[Source material Boundary: Start]

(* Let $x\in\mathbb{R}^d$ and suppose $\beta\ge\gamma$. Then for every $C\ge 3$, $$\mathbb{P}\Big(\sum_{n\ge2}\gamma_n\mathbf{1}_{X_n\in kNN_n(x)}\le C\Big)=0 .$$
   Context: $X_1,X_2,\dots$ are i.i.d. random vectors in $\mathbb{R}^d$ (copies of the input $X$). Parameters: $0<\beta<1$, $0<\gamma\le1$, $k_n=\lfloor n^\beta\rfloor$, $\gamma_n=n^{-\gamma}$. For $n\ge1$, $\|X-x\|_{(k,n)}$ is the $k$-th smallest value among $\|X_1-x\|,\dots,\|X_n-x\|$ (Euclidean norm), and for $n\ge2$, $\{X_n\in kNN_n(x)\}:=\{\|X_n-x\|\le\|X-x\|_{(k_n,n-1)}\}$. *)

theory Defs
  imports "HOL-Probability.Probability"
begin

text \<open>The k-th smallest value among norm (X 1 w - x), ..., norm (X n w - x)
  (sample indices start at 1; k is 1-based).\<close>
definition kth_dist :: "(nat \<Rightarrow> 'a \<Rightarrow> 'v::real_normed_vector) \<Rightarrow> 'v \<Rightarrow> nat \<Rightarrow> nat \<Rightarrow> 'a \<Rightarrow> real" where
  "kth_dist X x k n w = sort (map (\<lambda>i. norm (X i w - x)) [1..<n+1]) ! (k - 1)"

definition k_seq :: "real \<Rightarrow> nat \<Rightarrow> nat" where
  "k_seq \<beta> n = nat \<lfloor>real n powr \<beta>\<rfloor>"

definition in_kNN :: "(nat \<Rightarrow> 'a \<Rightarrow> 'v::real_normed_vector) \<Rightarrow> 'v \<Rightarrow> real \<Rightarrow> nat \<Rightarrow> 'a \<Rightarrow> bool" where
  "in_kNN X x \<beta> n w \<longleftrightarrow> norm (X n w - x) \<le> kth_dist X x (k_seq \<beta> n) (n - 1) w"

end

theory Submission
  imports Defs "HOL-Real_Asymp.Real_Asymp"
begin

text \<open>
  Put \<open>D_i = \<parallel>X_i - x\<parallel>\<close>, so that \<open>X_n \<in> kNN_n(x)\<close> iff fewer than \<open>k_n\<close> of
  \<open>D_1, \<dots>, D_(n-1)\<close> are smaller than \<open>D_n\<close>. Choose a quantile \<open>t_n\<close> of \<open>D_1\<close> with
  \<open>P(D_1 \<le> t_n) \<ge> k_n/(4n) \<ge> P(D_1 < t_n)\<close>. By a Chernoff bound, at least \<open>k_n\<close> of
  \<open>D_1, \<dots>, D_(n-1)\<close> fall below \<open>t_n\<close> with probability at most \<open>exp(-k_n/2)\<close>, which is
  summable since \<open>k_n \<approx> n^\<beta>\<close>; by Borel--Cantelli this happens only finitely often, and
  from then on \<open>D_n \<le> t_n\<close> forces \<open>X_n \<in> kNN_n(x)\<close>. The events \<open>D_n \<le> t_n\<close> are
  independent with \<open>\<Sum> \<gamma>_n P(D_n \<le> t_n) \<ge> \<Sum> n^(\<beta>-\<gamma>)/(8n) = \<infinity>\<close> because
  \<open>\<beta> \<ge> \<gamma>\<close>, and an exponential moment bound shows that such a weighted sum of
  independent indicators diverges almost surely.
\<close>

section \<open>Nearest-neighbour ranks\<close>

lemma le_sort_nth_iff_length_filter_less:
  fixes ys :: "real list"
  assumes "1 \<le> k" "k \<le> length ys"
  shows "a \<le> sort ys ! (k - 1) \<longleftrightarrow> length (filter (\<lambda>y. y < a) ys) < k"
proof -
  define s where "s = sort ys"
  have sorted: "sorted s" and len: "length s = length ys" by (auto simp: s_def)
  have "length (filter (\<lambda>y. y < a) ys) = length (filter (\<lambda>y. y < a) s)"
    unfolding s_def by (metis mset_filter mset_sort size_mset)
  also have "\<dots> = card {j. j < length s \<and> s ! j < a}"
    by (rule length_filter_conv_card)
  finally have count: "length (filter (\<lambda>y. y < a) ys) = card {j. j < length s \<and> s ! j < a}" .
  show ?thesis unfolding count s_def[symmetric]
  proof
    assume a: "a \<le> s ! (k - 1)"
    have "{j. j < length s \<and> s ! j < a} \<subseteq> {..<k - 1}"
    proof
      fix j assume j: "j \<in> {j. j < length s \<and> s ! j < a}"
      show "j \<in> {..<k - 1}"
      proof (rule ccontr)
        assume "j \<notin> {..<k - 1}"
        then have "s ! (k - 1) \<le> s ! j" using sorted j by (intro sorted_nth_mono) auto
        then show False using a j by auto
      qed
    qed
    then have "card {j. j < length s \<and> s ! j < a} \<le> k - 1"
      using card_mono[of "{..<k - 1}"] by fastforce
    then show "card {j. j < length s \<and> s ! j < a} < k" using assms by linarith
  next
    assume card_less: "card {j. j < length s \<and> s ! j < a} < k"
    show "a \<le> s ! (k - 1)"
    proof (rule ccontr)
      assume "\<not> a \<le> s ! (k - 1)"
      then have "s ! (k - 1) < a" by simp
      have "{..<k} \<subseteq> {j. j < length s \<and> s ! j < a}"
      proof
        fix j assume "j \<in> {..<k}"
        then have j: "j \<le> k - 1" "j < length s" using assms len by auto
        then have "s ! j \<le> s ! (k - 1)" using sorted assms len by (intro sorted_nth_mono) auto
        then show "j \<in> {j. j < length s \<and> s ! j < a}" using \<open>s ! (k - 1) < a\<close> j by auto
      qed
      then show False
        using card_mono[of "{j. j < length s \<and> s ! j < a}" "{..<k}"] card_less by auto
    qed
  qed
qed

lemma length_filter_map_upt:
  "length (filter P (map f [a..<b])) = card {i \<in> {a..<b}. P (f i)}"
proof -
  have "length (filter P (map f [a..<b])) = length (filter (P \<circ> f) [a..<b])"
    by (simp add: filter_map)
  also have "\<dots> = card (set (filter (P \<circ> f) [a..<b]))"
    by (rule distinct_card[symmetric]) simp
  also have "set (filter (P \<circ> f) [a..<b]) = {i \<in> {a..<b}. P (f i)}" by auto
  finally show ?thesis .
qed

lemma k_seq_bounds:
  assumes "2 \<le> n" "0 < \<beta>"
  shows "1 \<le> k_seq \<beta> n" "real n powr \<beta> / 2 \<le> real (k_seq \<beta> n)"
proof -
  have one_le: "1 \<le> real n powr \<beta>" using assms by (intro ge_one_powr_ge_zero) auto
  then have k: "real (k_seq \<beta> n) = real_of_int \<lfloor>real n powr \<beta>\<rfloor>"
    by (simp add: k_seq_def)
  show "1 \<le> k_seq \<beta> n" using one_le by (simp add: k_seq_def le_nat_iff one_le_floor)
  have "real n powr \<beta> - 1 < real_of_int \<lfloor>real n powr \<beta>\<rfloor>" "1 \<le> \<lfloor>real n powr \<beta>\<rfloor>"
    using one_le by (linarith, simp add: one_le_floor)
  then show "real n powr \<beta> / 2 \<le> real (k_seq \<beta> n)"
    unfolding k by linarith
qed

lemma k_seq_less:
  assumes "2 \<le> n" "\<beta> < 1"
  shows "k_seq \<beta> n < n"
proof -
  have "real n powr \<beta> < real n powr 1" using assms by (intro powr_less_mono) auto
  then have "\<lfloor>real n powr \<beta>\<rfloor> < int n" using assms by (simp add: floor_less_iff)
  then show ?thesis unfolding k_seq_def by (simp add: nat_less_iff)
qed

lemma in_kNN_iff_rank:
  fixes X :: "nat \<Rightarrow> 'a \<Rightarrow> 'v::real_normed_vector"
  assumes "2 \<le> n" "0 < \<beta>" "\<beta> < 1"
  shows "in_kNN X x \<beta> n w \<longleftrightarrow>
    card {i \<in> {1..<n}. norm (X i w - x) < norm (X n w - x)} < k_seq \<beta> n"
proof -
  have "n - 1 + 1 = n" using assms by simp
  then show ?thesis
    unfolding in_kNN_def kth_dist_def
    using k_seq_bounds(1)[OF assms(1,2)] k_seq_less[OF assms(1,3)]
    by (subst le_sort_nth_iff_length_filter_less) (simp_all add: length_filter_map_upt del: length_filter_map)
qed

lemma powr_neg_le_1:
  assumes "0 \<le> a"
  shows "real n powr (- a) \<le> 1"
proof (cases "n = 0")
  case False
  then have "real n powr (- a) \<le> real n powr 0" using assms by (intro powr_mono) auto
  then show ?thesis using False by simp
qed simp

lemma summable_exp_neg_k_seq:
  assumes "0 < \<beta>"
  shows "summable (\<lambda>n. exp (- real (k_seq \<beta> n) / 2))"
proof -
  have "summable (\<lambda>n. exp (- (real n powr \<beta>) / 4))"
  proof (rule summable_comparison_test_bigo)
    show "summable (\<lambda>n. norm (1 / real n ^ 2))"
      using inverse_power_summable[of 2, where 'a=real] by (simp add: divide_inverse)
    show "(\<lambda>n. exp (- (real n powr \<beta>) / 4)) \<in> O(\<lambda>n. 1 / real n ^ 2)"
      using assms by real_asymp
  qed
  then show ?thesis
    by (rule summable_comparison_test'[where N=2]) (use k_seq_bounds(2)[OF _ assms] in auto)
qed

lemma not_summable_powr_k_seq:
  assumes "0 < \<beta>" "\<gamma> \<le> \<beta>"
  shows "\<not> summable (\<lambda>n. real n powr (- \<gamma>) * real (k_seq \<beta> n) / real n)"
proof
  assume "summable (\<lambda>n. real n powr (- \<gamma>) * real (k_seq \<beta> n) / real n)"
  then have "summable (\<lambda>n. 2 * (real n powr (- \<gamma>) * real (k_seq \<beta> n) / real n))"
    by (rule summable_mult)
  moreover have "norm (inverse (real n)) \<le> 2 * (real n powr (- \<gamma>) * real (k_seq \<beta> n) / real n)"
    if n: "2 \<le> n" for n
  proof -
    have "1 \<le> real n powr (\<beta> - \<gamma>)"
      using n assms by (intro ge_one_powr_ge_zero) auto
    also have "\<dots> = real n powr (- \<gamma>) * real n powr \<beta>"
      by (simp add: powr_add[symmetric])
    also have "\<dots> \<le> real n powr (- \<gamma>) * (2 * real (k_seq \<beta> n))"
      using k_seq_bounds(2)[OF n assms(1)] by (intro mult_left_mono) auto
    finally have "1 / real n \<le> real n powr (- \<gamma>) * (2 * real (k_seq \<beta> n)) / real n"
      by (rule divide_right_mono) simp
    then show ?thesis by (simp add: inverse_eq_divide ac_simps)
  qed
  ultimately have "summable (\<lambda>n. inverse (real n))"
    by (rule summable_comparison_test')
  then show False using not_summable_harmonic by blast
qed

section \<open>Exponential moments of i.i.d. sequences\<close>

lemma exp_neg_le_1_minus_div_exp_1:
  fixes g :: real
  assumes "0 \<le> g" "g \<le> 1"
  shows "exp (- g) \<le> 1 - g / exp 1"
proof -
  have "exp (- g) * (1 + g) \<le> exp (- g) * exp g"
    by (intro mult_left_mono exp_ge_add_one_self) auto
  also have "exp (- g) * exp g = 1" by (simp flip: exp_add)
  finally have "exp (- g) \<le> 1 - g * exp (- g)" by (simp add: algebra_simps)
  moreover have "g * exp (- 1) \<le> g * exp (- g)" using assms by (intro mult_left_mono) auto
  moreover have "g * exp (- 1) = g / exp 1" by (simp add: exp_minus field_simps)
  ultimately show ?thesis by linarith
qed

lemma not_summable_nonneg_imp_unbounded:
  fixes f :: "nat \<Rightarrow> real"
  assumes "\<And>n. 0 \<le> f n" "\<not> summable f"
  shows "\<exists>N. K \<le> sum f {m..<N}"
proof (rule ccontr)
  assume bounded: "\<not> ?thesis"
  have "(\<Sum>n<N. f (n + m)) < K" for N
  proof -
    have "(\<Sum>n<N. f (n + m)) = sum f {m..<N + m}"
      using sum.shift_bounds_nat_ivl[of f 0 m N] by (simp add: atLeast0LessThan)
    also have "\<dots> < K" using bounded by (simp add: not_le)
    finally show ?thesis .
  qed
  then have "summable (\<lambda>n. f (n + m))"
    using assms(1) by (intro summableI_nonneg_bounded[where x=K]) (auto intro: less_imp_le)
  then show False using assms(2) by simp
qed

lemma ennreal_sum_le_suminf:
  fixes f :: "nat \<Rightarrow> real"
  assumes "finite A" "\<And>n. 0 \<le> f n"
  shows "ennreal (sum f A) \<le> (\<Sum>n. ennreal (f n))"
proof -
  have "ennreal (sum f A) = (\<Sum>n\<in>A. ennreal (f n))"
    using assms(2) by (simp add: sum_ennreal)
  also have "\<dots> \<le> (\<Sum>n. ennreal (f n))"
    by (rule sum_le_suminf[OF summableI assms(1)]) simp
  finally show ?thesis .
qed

[Source material Boundary: End]

▸ Exercise details
Pull every line containing "longleftrightarrow" out of the records.

▸ Result for this exercise
  "in_kNN X x \<beta> n w \<longleftrightarrow> norm (X n w - x) \<le> kth_dist X x (k_seq \<beta> n) (n - 1) w"
  shows "a \<le> sort ys ! (k - 1) \<longleftrightarrow> length (filter (\<lambda>y. y < a) ys) < k"
  shows "in_kNN X x \<beta> n w \<longleftrightarrow>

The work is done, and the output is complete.